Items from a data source
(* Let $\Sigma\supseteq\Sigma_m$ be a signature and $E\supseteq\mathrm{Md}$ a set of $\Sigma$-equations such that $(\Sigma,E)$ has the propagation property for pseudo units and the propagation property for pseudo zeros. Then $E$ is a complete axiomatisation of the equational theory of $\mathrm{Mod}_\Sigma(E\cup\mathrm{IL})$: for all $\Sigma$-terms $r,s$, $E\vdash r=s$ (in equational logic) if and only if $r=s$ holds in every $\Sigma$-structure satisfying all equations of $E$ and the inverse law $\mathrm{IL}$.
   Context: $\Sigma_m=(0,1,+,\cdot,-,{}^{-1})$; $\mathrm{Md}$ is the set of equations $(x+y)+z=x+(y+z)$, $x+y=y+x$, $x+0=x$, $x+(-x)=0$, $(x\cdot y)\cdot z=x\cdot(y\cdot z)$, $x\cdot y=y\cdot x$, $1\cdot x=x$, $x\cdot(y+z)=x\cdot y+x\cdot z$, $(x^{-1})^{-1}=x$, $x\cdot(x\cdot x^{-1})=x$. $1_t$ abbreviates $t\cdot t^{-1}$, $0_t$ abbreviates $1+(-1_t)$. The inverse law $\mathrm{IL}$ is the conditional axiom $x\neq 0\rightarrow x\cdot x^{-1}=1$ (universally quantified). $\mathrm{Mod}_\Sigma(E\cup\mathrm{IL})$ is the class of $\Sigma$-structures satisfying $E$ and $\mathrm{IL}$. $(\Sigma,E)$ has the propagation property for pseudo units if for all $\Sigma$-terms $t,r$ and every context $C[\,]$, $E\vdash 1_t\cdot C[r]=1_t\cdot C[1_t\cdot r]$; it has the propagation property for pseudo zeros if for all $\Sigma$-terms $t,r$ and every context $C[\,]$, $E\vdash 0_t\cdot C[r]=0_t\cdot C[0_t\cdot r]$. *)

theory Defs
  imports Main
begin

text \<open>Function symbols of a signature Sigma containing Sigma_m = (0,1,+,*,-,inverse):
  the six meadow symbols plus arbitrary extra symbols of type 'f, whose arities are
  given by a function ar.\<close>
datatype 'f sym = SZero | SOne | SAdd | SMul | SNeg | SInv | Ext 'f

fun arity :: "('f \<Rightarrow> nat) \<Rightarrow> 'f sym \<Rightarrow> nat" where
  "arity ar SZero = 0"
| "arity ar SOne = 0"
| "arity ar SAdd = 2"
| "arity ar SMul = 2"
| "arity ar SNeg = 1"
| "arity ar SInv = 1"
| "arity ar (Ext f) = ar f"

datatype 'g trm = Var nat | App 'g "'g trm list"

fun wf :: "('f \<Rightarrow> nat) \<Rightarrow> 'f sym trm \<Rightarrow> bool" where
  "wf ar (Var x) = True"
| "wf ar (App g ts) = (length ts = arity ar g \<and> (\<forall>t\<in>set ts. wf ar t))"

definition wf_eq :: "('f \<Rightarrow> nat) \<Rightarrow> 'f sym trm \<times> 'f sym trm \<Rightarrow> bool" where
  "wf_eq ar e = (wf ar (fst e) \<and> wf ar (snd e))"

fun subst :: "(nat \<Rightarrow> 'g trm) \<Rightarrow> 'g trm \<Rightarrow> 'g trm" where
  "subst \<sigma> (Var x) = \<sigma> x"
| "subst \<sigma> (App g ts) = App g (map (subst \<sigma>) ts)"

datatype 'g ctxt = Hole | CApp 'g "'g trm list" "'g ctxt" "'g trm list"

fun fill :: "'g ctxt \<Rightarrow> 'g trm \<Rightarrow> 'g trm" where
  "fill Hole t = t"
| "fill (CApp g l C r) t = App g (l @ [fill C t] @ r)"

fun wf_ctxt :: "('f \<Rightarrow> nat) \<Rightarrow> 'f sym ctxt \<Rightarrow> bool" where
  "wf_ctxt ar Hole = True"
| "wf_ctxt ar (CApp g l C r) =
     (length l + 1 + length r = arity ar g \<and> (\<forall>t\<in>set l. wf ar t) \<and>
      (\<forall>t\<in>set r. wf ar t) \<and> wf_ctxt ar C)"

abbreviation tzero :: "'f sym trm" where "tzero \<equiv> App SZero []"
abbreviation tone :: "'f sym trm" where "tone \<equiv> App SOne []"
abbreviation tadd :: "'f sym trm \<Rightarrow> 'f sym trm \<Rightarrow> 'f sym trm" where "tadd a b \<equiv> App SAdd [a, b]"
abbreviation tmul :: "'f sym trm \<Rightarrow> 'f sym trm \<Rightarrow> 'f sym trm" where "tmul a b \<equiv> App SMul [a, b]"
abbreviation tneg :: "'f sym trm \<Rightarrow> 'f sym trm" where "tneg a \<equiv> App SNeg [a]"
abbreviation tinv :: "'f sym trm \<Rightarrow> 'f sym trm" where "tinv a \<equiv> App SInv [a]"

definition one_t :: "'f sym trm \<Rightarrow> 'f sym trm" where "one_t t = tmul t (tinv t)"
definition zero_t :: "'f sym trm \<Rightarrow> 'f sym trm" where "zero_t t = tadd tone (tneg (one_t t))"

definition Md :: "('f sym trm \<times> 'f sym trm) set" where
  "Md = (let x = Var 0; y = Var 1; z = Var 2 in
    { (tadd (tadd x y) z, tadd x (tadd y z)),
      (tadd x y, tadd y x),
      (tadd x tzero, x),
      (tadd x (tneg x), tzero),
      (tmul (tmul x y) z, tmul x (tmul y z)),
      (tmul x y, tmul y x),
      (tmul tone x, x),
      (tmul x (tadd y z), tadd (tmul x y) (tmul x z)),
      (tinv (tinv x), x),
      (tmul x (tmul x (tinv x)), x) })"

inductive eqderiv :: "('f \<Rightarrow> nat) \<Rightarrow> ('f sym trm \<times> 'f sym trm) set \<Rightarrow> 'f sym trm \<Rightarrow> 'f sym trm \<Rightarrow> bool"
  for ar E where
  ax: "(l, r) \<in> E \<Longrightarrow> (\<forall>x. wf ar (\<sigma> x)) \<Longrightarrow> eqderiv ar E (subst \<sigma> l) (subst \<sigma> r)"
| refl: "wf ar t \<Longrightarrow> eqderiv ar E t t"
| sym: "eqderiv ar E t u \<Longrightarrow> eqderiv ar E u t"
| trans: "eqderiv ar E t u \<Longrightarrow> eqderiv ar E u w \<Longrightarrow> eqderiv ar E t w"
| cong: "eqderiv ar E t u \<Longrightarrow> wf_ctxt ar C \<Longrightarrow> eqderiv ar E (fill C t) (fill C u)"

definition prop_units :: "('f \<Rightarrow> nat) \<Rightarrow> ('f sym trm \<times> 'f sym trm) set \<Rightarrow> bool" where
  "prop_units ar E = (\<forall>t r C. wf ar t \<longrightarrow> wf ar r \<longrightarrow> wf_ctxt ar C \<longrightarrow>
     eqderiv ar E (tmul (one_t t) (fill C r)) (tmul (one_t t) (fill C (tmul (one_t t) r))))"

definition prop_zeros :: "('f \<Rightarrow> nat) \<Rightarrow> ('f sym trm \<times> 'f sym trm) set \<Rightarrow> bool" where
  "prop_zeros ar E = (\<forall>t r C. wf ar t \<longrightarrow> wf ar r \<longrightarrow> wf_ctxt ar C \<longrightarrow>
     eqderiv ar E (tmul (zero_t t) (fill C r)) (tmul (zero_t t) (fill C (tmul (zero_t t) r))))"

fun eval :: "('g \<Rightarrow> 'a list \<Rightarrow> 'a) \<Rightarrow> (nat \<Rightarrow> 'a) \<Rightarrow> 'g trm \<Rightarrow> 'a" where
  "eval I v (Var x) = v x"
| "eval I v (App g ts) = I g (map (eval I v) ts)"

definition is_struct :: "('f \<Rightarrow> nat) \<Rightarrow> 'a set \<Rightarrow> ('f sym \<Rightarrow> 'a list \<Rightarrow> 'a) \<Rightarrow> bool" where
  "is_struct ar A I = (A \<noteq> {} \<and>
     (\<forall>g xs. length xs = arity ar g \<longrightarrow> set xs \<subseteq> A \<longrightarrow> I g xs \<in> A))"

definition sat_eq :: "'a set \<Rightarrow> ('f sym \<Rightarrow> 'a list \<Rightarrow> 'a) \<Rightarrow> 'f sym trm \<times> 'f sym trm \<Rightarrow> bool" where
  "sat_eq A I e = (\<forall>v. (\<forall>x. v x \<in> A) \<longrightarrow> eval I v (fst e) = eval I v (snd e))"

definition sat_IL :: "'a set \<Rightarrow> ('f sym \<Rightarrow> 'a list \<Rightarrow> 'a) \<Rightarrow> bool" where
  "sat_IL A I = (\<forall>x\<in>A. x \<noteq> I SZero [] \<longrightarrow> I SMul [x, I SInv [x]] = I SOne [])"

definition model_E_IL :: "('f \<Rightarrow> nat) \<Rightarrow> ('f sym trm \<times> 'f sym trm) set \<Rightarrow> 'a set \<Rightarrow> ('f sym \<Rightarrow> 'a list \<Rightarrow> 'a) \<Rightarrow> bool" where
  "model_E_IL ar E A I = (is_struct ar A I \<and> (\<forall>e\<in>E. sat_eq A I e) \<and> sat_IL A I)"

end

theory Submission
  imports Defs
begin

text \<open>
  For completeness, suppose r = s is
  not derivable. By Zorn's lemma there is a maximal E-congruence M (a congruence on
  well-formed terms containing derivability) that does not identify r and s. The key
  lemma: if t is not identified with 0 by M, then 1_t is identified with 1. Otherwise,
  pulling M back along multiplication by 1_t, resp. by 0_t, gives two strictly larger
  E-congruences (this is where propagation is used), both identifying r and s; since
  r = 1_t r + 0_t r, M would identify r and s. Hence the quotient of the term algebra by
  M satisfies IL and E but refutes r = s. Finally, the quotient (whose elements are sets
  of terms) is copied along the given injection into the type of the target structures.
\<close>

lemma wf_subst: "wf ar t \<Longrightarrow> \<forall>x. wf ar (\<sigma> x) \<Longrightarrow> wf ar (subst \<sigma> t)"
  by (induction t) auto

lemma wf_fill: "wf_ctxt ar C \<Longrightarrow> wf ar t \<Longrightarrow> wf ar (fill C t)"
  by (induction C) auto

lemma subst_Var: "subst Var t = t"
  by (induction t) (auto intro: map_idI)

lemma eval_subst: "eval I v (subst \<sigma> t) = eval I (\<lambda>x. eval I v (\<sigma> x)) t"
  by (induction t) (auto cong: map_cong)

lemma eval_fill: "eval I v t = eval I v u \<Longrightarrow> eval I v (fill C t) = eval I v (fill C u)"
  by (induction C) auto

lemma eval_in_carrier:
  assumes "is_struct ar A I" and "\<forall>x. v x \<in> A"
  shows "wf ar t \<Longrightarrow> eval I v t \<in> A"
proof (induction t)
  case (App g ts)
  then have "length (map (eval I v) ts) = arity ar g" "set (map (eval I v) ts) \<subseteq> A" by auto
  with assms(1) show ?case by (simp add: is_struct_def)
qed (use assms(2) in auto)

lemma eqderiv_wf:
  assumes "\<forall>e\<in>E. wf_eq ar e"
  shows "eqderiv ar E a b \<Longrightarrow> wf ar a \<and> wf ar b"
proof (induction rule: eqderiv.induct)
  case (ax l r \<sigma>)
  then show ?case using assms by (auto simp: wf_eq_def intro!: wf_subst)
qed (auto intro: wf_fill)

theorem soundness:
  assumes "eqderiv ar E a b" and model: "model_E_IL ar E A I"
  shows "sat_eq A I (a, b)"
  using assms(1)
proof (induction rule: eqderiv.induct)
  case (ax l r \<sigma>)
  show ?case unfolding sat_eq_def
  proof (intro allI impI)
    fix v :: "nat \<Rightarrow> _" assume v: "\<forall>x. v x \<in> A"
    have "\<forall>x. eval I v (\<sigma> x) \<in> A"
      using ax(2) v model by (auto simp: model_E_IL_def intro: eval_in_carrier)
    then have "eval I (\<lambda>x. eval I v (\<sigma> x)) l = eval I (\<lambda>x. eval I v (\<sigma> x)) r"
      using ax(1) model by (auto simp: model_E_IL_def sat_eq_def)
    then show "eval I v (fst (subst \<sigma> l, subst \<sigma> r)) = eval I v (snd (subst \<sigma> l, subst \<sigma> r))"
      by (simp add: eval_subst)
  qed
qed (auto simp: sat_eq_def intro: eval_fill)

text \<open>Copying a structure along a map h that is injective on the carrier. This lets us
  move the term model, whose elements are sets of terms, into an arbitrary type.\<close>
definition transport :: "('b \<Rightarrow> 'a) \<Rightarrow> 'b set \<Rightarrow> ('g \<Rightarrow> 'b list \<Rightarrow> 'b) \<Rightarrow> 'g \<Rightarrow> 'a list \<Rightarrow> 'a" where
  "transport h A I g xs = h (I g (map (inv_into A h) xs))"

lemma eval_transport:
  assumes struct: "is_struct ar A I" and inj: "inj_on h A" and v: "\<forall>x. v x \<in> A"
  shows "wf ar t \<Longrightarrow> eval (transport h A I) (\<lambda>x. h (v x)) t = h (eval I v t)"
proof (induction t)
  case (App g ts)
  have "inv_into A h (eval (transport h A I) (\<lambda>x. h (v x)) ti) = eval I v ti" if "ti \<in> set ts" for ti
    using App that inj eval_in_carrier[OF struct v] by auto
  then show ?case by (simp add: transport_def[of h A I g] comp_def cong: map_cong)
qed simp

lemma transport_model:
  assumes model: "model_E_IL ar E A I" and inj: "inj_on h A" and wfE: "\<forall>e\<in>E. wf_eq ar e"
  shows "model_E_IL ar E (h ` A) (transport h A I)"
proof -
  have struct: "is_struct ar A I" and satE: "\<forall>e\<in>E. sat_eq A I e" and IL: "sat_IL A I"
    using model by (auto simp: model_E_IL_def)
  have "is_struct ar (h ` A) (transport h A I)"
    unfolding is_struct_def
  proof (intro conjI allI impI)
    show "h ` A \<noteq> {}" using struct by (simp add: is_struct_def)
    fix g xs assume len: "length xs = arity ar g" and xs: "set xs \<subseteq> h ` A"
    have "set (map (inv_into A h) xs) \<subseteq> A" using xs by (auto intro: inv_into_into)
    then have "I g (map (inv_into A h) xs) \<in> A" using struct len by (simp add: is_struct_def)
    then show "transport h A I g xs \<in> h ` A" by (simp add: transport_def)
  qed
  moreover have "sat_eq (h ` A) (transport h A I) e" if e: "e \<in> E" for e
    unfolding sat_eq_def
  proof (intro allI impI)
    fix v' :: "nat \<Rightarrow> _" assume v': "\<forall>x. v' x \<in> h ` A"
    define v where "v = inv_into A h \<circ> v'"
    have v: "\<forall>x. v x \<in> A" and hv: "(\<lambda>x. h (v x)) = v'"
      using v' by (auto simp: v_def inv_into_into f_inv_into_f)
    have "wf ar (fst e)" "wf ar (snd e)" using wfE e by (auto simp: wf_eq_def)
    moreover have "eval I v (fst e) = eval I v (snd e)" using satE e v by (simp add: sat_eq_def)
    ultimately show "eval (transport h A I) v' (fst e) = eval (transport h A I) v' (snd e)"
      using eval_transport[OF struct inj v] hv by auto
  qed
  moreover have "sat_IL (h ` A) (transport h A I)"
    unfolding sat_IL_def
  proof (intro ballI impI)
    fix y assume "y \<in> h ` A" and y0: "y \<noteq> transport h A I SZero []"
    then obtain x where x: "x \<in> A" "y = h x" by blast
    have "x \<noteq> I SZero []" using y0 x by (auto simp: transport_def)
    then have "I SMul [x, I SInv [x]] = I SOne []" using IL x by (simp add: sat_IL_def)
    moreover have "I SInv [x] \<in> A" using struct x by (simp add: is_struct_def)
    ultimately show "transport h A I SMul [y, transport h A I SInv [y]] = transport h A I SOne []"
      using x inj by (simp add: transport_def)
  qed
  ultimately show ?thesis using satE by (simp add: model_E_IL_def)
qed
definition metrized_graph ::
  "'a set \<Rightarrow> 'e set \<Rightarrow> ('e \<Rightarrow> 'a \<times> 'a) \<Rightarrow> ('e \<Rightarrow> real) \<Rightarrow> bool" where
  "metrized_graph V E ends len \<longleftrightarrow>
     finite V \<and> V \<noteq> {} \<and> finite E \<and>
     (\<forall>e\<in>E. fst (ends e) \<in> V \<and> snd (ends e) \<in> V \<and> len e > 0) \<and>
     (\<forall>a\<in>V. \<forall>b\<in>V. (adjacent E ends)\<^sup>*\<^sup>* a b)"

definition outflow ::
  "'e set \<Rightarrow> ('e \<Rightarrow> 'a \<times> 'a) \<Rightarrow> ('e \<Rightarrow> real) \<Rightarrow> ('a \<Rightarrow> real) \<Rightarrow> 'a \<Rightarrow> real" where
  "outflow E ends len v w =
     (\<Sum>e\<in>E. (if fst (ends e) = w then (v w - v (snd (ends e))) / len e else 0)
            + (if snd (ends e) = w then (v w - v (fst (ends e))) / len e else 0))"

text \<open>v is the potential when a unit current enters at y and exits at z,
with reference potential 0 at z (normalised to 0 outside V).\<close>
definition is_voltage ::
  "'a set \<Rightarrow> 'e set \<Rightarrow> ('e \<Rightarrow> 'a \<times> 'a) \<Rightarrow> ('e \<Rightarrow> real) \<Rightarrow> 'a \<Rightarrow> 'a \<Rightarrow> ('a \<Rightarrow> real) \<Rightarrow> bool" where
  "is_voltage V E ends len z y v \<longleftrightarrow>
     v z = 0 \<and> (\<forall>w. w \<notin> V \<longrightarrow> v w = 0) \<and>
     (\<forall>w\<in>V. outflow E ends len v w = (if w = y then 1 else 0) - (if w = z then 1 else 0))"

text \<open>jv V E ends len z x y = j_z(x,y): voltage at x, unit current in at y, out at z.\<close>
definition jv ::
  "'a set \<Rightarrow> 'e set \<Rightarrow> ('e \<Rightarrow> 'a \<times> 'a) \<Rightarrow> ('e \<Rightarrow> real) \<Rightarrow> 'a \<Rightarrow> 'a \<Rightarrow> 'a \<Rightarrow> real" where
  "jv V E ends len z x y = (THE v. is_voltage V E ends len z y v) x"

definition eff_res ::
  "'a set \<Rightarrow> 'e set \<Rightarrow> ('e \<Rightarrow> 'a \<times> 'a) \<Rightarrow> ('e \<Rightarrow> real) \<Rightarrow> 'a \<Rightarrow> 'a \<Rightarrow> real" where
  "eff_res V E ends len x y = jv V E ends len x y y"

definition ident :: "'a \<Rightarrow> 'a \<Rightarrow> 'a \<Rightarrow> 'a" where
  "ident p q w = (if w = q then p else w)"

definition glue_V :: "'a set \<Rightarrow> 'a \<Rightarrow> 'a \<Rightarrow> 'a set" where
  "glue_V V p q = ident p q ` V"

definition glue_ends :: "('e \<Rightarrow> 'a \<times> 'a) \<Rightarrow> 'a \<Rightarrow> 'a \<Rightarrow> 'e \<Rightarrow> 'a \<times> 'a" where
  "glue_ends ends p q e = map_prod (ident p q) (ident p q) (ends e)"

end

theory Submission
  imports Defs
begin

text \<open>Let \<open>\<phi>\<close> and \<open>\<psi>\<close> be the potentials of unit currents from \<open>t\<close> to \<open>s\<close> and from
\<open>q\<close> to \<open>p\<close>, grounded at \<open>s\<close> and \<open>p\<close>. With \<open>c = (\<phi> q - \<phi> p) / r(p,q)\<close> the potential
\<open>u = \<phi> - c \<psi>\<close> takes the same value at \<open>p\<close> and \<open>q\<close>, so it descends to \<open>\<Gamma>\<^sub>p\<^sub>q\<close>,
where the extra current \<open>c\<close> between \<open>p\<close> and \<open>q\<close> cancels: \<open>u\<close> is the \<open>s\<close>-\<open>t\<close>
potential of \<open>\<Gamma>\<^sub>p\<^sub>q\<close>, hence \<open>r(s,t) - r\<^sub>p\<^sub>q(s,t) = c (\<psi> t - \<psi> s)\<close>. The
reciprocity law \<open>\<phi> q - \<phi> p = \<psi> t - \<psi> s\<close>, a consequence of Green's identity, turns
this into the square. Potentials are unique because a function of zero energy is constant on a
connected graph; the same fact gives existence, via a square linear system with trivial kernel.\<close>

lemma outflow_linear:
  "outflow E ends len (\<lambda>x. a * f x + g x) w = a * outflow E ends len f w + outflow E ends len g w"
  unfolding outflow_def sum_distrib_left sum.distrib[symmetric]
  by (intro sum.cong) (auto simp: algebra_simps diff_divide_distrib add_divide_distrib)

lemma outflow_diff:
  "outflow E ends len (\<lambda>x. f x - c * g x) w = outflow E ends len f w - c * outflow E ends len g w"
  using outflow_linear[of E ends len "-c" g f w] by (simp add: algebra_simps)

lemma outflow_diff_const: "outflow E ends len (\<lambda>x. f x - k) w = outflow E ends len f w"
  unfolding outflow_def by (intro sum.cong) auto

TASK DETAILS >> Go through the entries and copy every line that has "moreover".

RESPONSE BELOW >>
  moreover have "sat_eq (h ` A) (transport h A I) e" if e: "e \<in> E" for e
    moreover have "eval I v (fst e) = eval I v (snd e)" using satE e v by (simp add: sat_eq_def)
  moreover have "sat_IL (h ` A) (transport h A I)"
    moreover have "I SInv [x] \<in> A" using struct x by (simp add: is_struct_def)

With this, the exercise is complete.